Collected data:
=== Begin Enclosure ===

lemma cis_primitive_root_of_unity:
  assumes N: "N > 0"
  shows "primitive_root_of_unity N (cis (2 * pi / N))"
    and "z ^ N = 1 \<Longrightarrow> \<exists>k. z = cis (2 * pi / N) ^ k"
proof -
  let ?\<xi> = "cis (2 * pi / N)"
  have pow: "?\<xi> ^ k = cis (2 * pi * real k / real N)" for k
    by (simp add: DeMoivre mult.commute)
  have bij: "bij_betw (\<lambda>k. cis (2 * pi * real k / real N)) {..<N} {z. z ^ N = 1}"
    by (rule bij_betw_roots_unity[OF N])
  have "?\<xi> ^ t = 1 \<longleftrightarrow> N dvd t" for t
  proof -
    have "?\<xi> ^ t = (?\<xi> ^ N) ^ (t div N) * ?\<xi> ^ (t mod N)"
      by (simp add: power_mult[symmetric] power_add[symmetric])
    also have "\<dots> = ?\<xi> ^ (t mod N)" using N by (simp add: pow)
    finally have "?\<xi> ^ t = cis (2 * pi * real (t mod N) / real N)" by (simp add: pow)
    moreover have inj: "inj_on (\<lambda>k. cis (2 * pi * real k / real N)) {..<N}"
      using bij by (simp add: bij_betw_def)
    ultimately show ?thesis using inj_on_eq_iff[OF inj, of "t mod N" 0] N
      by (simp add: dvd_eq_mod_eq_0)
  qed
  with N show "primitive_root_of_unity N ?\<xi>" by (simp add: primitive_root_of_unity_def)
  show "z ^ N = 1 \<Longrightarrow> \<exists>k. z = ?\<xi> ^ k"
    using bij by (auto simp: bij_betw_def pow)
qed

lemma root_of_unity_common_order:
  assumes "finite T" "\<forall>i\<in>T. root_of_unity (w i)"
  shows "\<exists>n>0. \<forall>i\<in>T. w i ^ n = 1"
  using assms
proof (induction T rule: finite_induct)
  case empty
  show ?case by blast
next
  case (insert j T)
  then obtain n where n: "n > 0" "\<forall>i\<in>T. w i ^ n = 1" by auto
  obtain m where m: "m > 0" "w j ^ m = 1" using insert.prems by (auto simp: root_of_unity_def)
  have "\<forall>i\<in>insert j T. w i ^ (n * m) = 1"
    using n m by (auto simp: power_mult) (metis mult.commute power_mult power_one)
  with n m show ?case by (intro exI[of _ "n * m"]) simp
qed

section \<open>Galois conjugates of a primitive root of unity\<close>

interpretation of_rat_poly_hom: map_poly_idom_hom of_rat ..

lemma map_poly_of_rat_of_int_poly [simp]:
  "map_poly of_rat (of_int_poly p :: rat poly) = (of_int_poly p :: 'a :: field_char_0 poly)"
  by (simp add: map_poly_map_poly o_def)

lemma rat_minimal_polynomial_exists:
  fixes \<xi> :: complex and g :: "rat poly"
  assumes "g \<noteq> 0" "poly (map_poly of_rat g) \<xi> = 0"
  obtains f where "lead_coeff f = 1" "poly (map_poly of_rat f) \<xi> = 0"
    "\<And>h. poly (map_poly of_rat h) \<xi> = 0 \<Longrightarrow> f dvd h"
proof -
  let ?vanishes = "\<lambda>f. f \<noteq> 0 \<and> poly (map_poly of_rat f) \<xi> = 0"
  obtain f0 where f0: "?vanishes f0" and least: "\<And>h. ?vanishes h \<Longrightarrow> degree f0 \<le> degree h"
    using ex_has_least_nat[of ?vanishes g degree] assms by blast
  define f where "f = smult (inverse (lead_coeff f0)) f0"
  have f: "lead_coeff f = 1" "poly (map_poly of_rat f) \<xi> = 0" "degree f = degree f0"
    using f0 by (simp_all add: f_def of_rat_hom.map_poly_hom_smult)
  hence "f \<noteq> 0" by auto
  have "f dvd h" if h: "poly (map_poly of_rat h) \<xi> = 0" for h
  proof -
    have "(map_poly of_rat h :: complex poly) = map_poly of_rat (f * (h div f) + h mod f)"
      by (simp only: mult_div_mod_eq)
    also have "\<dots> = map_poly of_rat f * map_poly of_rat (h div f) + map_poly of_rat (h mod f)"
      by (simp only: of_rat_poly_hom.hom_add of_rat_poly_hom.hom_mult)
    finally have rem: "poly (map_poly of_rat (h mod f)) \<xi> = 0"
      using h f(2) by (metis poly_add poly_mult mult_zero_left add_0)
    show "f dvd h"
    proof (rule ccontr)
      assume "\<not> f dvd h"
      hence "h mod f \<noteq> 0" by (simp add: mod_eq_0_iff_dvd)
      hence "degree f0 \<le> degree (h mod f)" using rem by (intro least) simp
      moreover have "degree (h mod f) < degree f"
        using degree_mod_less[OF \<open>f \<noteq> 0\<close>, of h] \<open>h mod f \<noteq> 0\<close> by simp
      ultimately show False using f(3) by simp
    qed
  qed
  with f that show thesis by blast
qed

lemma monic_rat_factor_of_monic_int_poly:
  fixes P :: "int poly" and f :: "rat poly"
  assumes P: "lead_coeff P = 1" and f: "lead_coeff f = 1" and dvd: "f dvd of_int_poly P"
  obtains F G where "of_int_poly F = f" "P = F * G" "lead_coeff F = 1"
proof -
  from dvd obtain g where g: "of_int_poly P = f * g" by (auto elim: dvdE)
  obtain r F where rF: "rat_to_normalized_int_poly f = (r, F)" by force
  from rat_to_int_factor_explicit[OF g rF] obtain G where PG: "P = F * smult (content P) G" by auto
  from rat_to_normalized_int_poly[OF rF] have fF: "f = smult r (of_int_poly F)" and r: "r > 0"
    by auto
  have "lead_coeff F * lead_coeff (smult (content P) G) = 1" using P PG by (metis lead_coeff_mult)
  hence unit: "lead_coeff F dvd 1" by (metis dvd_triv_left)
  have rF1: "r * of_int (lead_coeff F) = 1" using f fF r by simp
  with r have "rat_of_int (lead_coeff F) = 1 / r" by (simp add: field_simps)
  with r have "lead_coeff F > 0" by (metis of_int_0_less_iff zero_less_divide_1_iff)
  with unit have lF: "lead_coeff F = 1" by (simp add: zdvd1_eq)
  with rF1 fF have "of_int_poly F = f" by simp
  with PG lF that show thesis by blast
qed

lemma root_of_unity_minimal_int_poly:
  fixes \<xi> :: complex
  assumes N: "N > 0" and \<xi>: "\<xi> ^ N = 1"
  obtains F G :: "int poly" where "lead_coeff F = 1" "F * G = monom 1 N - 1"
    "poly (of_int_poly F) \<xi> = 0" "\<And>h. poly (map_poly of_rat h) \<xi> = 0 \<Longrightarrow> of_int_poly F dvd h"
proof -
  define P :: "int poly" where "P = monom 1 N - 1"
  have coeff_N: "coeff P N = 1" using N by (simp add: P_def)
  have "degree P \<le> N" unfolding P_def by (rule degree_diff_le) (auto simp: degree_monom_le)
  moreover have "N \<le> degree P" using coeff_N by (intro le_degree) simp
  ultimately have P: "lead_coeff P = 1" using coeff_N by simp
  have "poly (map_poly of_rat (of_int_poly P :: rat poly)) \<xi> = \<xi> ^ N - 1"
    by (simp add: P_def of_int_poly_hom.hom_minus of_rat_poly_hom.hom_minus map_poly_monom poly_monom)
  hence P_vanishes: "poly (map_poly of_rat (of_int_poly P :: rat poly)) \<xi> = 0" using \<xi> by simp
  moreover have "(of_int_poly P :: rat poly) \<noteq> 0" using P by auto
  ultimately obtain f where f: "lead_coeff f = 1" "poly (map_poly of_rat f) \<xi> = 0"
    and f_dvd: "\<And>h. poly (map_poly of_rat h) \<xi> = 0 \<Longrightarrow> f dvd h"
    using rat_minimal_polynomial_exists by blast
  obtain F G where F: "of_int_poly F = f" "P = F * G" "lead_coeff F = 1"
    by (rule monic_rat_factor_of_monic_int_poly[OF P f(1) f_dvd[OF P_vanishes]])
  show thesis
  proof (rule that[of F G])
    show "poly (of_int_poly F) \<xi> = 0" using f(2) unfolding F(1)[symmetric] by simp
  qed (use F f_dvd P_def in simp_all)
qed

lemma rational_value_of_int_poly_in_Ints:
  fixes F Z :: "int poly" and \<xi> :: complex
  assumes F: "lead_coeff F = 1" "poly (of_int_poly F) \<xi> = 0"
    and F_dvd: "\<And>h. poly (map_poly of_rat h) \<xi> = 0 \<Longrightarrow> of_int_poly F dvd h"
    and Z: "poly (of_int_poly Z) \<xi> = of_rat r"
  shows "r \<in> \<int>"
proof -
  obtain Q R where QR: "pseudo_divmod Z F = (Q, R)" by force
  have F0: "F \<noteq> 0" using F(1) by auto
  from pseudo_divmod[OF F0 QR] F(1) have Z_eq: "Z = F * Q + R" and R: "R = 0 \<or> degree R < degree F"
    by auto
  have "degree F \<noteq> 0"
  proof
    assume "degree F = 0"
    with F(1) have "F = 1" by (metis degree_0_id one_pCons)
    thus False using F(2) by simp
  qed
  with R have deg: "degree R < degree F" by auto
  define h :: "rat poly" where "h = of_int_poly R - [:r:]"
  have "poly (map_poly of_rat h) \<xi> = 0"
    using Z F(2) by (simp add: h_def Z_eq hom_distribs)
  hence "of_int_poly F dvd h" by (rule F_dvd)
  moreover have "degree h < degree (of_int_poly F :: rat poly)"
    using deg by (simp add: h_def degree_diff_less)
  ultimately have "h = 0" by (metis dvd_imp_degree_le not_le)
  hence "of_int_poly R = [:r:]" by (simp add: h_def)
  hence "coeff (of_int_poly R) 0 = r" by simp
  hence "r = of_int (coeff R 0)" by simp
  thus ?thesis by simp
qed

lemma cofactor_pderiv_at_root_of_unity:
  fixes F G :: "'a :: field poly"
  assumes "N > 0" "F * G = monom 1 N - 1" "y ^ N = 1" "poly F y \<noteq> 0"
  shows "of_nat N = poly F y * poly (pderiv G) y * y"
proof -
  have "poly (F * G) y = 0" unfolding assms(2) using assms(3) by (simp add: poly_monom)
  hence G: "poly G y = 0" using assms(4) by simp
  have "poly (pderiv (F * G)) y = of_nat N * y ^ (N - 1)"
    unfolding assms(2) by (simp add: pderiv_diff pderiv_monom poly_monom)
  moreover have "poly (pderiv (F * G)) y = poly F y * poly (pderiv G) y"
    using G by (simp add: pderiv_mult)
  ultimately have "poly F y * poly (pderiv G) y = of_nat N * y ^ (N - 1)" by simp
  hence "poly F y * poly (pderiv G) y * y = of_nat N * y ^ N"
    using assms(1) by (simp add: mult.assoc power_eq_if)
  thus ?thesis using assms(3) by simp
qed

(* With F the minimal polynomial of \<xi>, Frobenius gives F(\<xi>^q) \<equiv> F(\<xi>)^q = 0 modulo q.  If F(\<xi>^q)
   were nonzero, \<xi>^q would be a root of the cofactor G of F in X^N - 1, and differentiating
   F G = X^N - 1 at \<xi>^q would write N as q times an algebraic integer, so q would divide N. *)
lemma primitive_root_of_unity_rat_poly_root_power_prime:
  fixes h :: "rat poly"
  assumes \<xi>: "primitive_root_of_unity N \<xi>" and q: "prime q" "\<not> q dvd N"
    and h: "poly (map_poly of_rat h) \<xi> = 0"
  shows "poly (map_poly of_rat h) (\<xi> ^ q) = 0"
proof -
  have N: "N > 0" and \<xi>N: "\<xi> ^ N = 1" using \<xi> by (auto simp: primitive_root_of_unity_def)
  obtain F G where F: "lead_coeff F = 1" and FG: "F * G = monom 1 N - 1"
    and F\<xi>: "poly (of_int_poly F) \<xi> = 0"
    and F_dvd: "\<And>h. poly (map_poly of_rat h) \<xi> = 0 \<Longrightarrow> of_int_poly F dvd h"
    using root_of_unity_minimal_int_poly[OF N \<xi>N] by blast
  define y where "y = \<xi> ^ q"
  have "poly (of_int_poly F) y = 0"
  proof (rule ccontr)
    assume Fy: "poly (of_int_poly F) y \<noteq> 0"
    obtain R where R: "F ^ q - F \<circ>\<^sub>p monom 1 q = of_nat q * R"
      using prime_dvd_int_poly_power_sub_pcompose[OF q(1)] unfolding dvd_def by blast
    have "poly (of_int_poly (F ^ q - F \<circ>\<^sub>p monom 1 q)) \<xi> = poly (of_int_poly (of_nat q * R)) \<xi>"
      by (simp only: R)
    moreover have "poly (of_int_poly (F \<circ>\<^sub>p monom 1 q)) \<xi> = poly (of_int_poly F) y"
      by (simp add: of_int_hom.map_poly_pcompose poly_pcompose poly_monom y_def)
    moreover have "poly (of_int_poly (of_nat q * R)) \<xi> = of_nat q * poly (of_int_poly R) \<xi>"
      by (simp add: of_nat_poly of_int_hom.map_poly_hom_smult)
    ultimately have "poly (of_int_poly F) \<xi> ^ q - poly (of_int_poly F) y = of_nat q * poly (of_int_poly R) \<xi>"
      by (simp add: of_int_poly_hom.hom_power of_int_poly_hom.hom_minus)
    hence Fy_eq: "poly (of_int_poly F) y = - (of_nat q * poly (of_int_poly R) \<xi>)"
      using F\<xi> prime_gt_0_nat[OF q(1)] by (simp add: zero_power) (metis minus_minus)
    have "of_int_poly F * of_int_poly G = (monom 1 N - 1 :: complex poly)"
      using arg_cong[OF FG, of "of_int_poly :: int poly \<Rightarrow> complex poly"] by (simp add: hom_distribs)
    moreover have "y ^ N = 1" unfolding y_def using \<xi>N by (metis power_mult mult.commute power_one)
    ultimately have "of_nat N = poly (of_int_poly F) y * poly (pderiv (of_int_poly G)) y * y"
      using cofactor_pderiv_at_root_of_unity N Fy by blast
    define Z where "Z = - (R * (pderiv G \<circ>\<^sub>p monom 1 q) * monom 1 q)"
    have "poly (of_int_poly Z) \<xi> = - (poly (of_int_poly R) \<xi> * poly (pderiv (of_int_poly G)) y * y)"
      by (simp add: Z_def of_int_poly_hom.hom_uminus of_int_poly_hom.hom_mult map_poly_monom
          of_int_hom.map_poly_pcompose of_int_hom.map_poly_pderiv poly_pcompose poly_monom y_def)
    hence "of_nat N = of_nat q * poly (of_int_poly Z) \<xi>"
      unfolding \<open>of_nat N = _\<close> Fy_eq by simp
    hence "poly (of_int_poly Z) \<xi> = of_rat (of_nat N / of_nat q)"
      using q(1) prime_gt_0_nat by (simp add: of_rat_divide field_simps)
    hence "of_nat N / of_nat q \<in> (\<int> :: rat set)"
      using rational_value_of_int_poly_in_Ints[OF F F\<xi>] F_dvd by blast
    then obtain m where "of_nat N / of_nat q = (of_int m :: rat)" by (elim Ints_cases)
    hence "rat_of_int (int N) = rat_of_int (int q * m)" using q(1) prime_gt_0_nat
      by (simp add: field_simps)
    hence "int N = int q * m" by (simp only: of_int_eq_iff)
    hence "q dvd N" by (metis dvdI int_dvd_int_iff)
    thus False using q(2) by simp
  qed
  moreover obtain h' where "h = of_int_poly F * h'" using F_dvd[OF h] by (auto elim: dvdE)
  ultimately show ?thesis by (simp add: of_rat_poly_hom.hom_mult y_def)
qed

=== End Enclosure ===

Would you retype the lines above from the one with "ultimately obtain f" down to the one with "using rat_minimal_polynomial_exists by", word for word, both ends included and no other lines?

**EXERCISE OUTPUT**
  ultimately obtain f where f: "lead_coeff f = 1" "poly (map_poly of_rat f) \<xi> = 0"
    and f_dvd: "\<And>h. poly (map_poly of_rat h) \<xi> = 0 \<Longrightarrow> f dvd h"
    using rat_minimal_polynomial_exists by blast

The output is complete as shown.